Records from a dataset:
::::::::

(* A random permutation $\Pi$ with values in $S_n$ is bi-decomposable if and only if for all pairs of consecutive partitions $\underline{\kappa}=(\underline{\kappa}_1,\ldots,\underline{\kappa}_s)$ and $\underline{\lambda}=(\underline{\lambda}_1,\ldots,\underline{\lambda}_t)$ of $\{1,\ldots,n\}$, the random variables $\Pi_{\underline{\kappa}_i\times\underline{\lambda}_j}$, $1\le i\le s$, $1\le j\le t$, are conditionally independent given the pair $(\{\Pi_{\underline{\kappa}}\},\{\Pi^{-1}_{\underline{\lambda}}\})$.
   Context: $S_n$ is the group of permutations of $\{1,\ldots,n\}$; $\Pi$ is a random element of $S_n$. For a vector $v$, $v\{i:j\}=\{v(i),\ldots,v(j)\}$ and $v(i:j)=(v(i),\ldots,v(j))$. $\Pi$ is called $L$-decomposable if for every $2\le k\le n-2$ and $\pi\in S_n$, $P(\Pi(k+1)=\pi(k+1)\mid \Pi(1:k)=\pi(1:k)) = P(\Pi(k+1)=\pi(k+1)\mid \Pi\{1:k\}=\pi\{1:k\})$ whenever the left side is defined. $\Pi$ is bi-decomposable if both $\Pi$ and $\Pi^{-1}$ are $L$-decomposable. A consecutive partition is given by $0=\kappa_0<\kappa_1<\cdots<\kappa_{s}=n$ with blocks $\underline{\kappa}_i=\{\kappa_{i-1}+1,\ldots,\kappa_i\}$; for $\pi\in S_n$, $\{\pi_{\underline{\kappa}}\}=(\pi\{\kappa_{i-1}+1:\kappa_i\})_{i=1}^{s}$ is the vector of unordered marginals (and similarly $\{\pi^{-1}_{\underline{\lambda}}\}$ for $\pi^{-1}$). For $\pi\in S_n$, $\pi_{\underline{\kappa}_i\times\underline{\lambda}_j}=\{(a,\pi(a)): a\in\underline{\kappa}_i,\ \pi(a)\in\underline{\lambda}_j\}$. *)

theory Defs
  imports "HOL-Probability.Probability" "HOL-Combinatorics.Permutations"
begin

text \<open>A random permutation of {1..n} is modelled as a pmf on functions nat => nat
  whose support consists of permutations of {1..n} (identity outside {1..n}).\<close>

definition cprob :: "'a pmf \<Rightarrow> 'a set \<Rightarrow> 'a set \<Rightarrow> real" where
  "cprob p A B = measure_pmf.prob p (A \<inter> B) / measure_pmf.prob p B"

definition L_decomposable :: "nat \<Rightarrow> (nat \<Rightarrow> nat) pmf \<Rightarrow> bool" where
  "L_decomposable n p \<longleftrightarrow>
     (\<forall>k \<pi>. 2 \<le> k \<and> k + 2 \<le> n \<and> \<pi> permutes {1..n} \<and>
        measure_pmf.prob p {\<sigma>. \<forall>i\<in>{1..k}. \<sigma> i = \<pi> i} > 0 \<longrightarrow>
        cprob p {\<sigma>. \<sigma> (k+1) = \<pi> (k+1)} {\<sigma>. \<forall>i\<in>{1..k}. \<sigma> i = \<pi> i}
        = cprob p {\<sigma>. \<sigma> (k+1) = \<pi> (k+1)} {\<sigma>. \<sigma> ` {1..k} = \<pi> ` {1..k}})"

definition bi_decomposable :: "nat \<Rightarrow> (nat \<Rightarrow> nat) pmf \<Rightarrow> bool" where
  "bi_decomposable n p \<longleftrightarrow> L_decomposable n p \<and> L_decomposable n (map_pmf inv p)"

definition consecutive_partition :: "nat \<Rightarrow> nat \<Rightarrow> (nat \<Rightarrow> nat) \<Rightarrow> bool" where
  "consecutive_partition n s kappa \<longleftrightarrow>
     kappa 0 = 0 \<and> kappa s = n \<and> (\<forall>i<s. kappa i < kappa (Suc i))"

::::::::

TASK DETAILS :: The records above should be restated word for word in their entirety.

SOLUTION FOR THIS EXERCISE ::
(* A random permutation $\Pi$ with values in $S_n$ is bi-decomposable if and only if for all pairs of consecutive partitions $\underline{\kappa}=(\underline{\kappa}_1,\ldots,\underline{\kappa}_s)$ and $\underline{\lambda}=(\underline{\lambda}_1,\ldots,\underline{\lambda}_t)$ of $\{1,\ldots,n\}$, the random variables $\Pi_{\underline{\kappa}_i\times\underline{\lambda}_j}$, $1\le i\le s$, $1\le j\le t$, are conditionally independent given the pair $(\{\Pi_{\underline{\kappa}}\},\{\Pi^{-1}_{\underline{\lambda}}\})$.
   Context: $S_n$ is the group of permutations of $\{1,\ldots,n\}$; $\Pi$ is a random element of $S_n$. For a vector $v$, $v\{i:j\}=\{v(i),\ldots,v(j)\}$ and $v(i:j)=(v(i),\ldots,v(j))$. $\Pi$ is called $L$-decomposable if for every $2\le k\le n-2$ and $\pi\in S_n$, $P(\Pi(k+1)=\pi(k+1)\mid \Pi(1:k)=\pi(1:k)) = P(\Pi(k+1)=\pi(k+1)\mid \Pi\{1:k\}=\pi\{1:k\})$ whenever the left side is defined. $\Pi$ is bi-decomposable if both $\Pi$ and $\Pi^{-1}$ are $L$-decomposable. A consecutive partition is given by $0=\kappa_0<\kappa_1<\cdots<\kappa_{s}=n$ with blocks $\underline{\kappa}_i=\{\kappa_{i-1}+1,\ldots,\kappa_i\}$; for $\pi\in S_n$, $\{\pi_{\underline{\kappa}}\}=(\pi\{\kappa_{i-1}+1:\kappa_i\})_{i=1}^{s}$ is the vector of unordered marginals (and similarly $\{\pi^{-1}_{\underline{\lambda}}\}$ for $\pi^{-1}$). For $\pi\in S_n$, $\pi_{\underline{\kappa}_i\times\underline{\lambda}_j}=\{(a,\pi(a)): a\in\underline{\kappa}_i,\ \pi(a)\in\underline{\lambda}_j\}$. *)

theory Defs
  imports "HOL-Probability.Probability" "HOL-Combinatorics.Permutations"
begin

text \<open>A random permutation of {1..n} is modelled as a pmf on functions nat => nat
  whose support consists of permutations of {1..n} (identity outside {1..n}).\<close>

definition cprob :: "'a pmf \<Rightarrow> 'a set \<Rightarrow> 'a set \<Rightarrow> real" where
  "cprob p A B = measure_pmf.prob p (A \<inter> B) / measure_pmf.prob p B"

definition L_decomposable :: "nat \<Rightarrow> (nat \<Rightarrow> nat) pmf \<Rightarrow> bool" where
  "L_decomposable n p \<longleftrightarrow>
     (\<forall>k \<pi>. 2 \<le> k \<and> k + 2 \<le> n \<and> \<pi> permutes {1..n} \<and>
        measure_pmf.prob p {\<sigma>. \<forall>i\<in>{1..k}. \<sigma> i = \<pi> i} > 0 \<longrightarrow>
        cprob p {\<sigma>. \<sigma> (k+1) = \<pi> (k+1)} {\<sigma>. \<forall>i\<in>{1..k}. \<sigma> i = \<pi> i}
        = cprob p {\<sigma>. \<sigma> (k+1) = \<pi> (k+1)} {\<sigma>. \<sigma> ` {1..k} = \<pi> ` {1..k}})"

definition bi_decomposable :: "nat \<Rightarrow> (nat \<Rightarrow> nat) pmf \<Rightarrow> bool" where
  "bi_decomposable n p \<longleftrightarrow> L_decomposable n p \<and> L_decomposable n (map_pmf inv p)"

definition consecutive_partition :: "nat \<Rightarrow> nat \<Rightarrow> (nat \<Rightarrow> nat) \<Rightarrow> bool" where
  "consecutive_partition n s kappa \<longleftrightarrow>
     kappa 0 = 0 \<and> kappa s = n \<and> (\<forall>i<s. kappa i < kappa (Suc i))"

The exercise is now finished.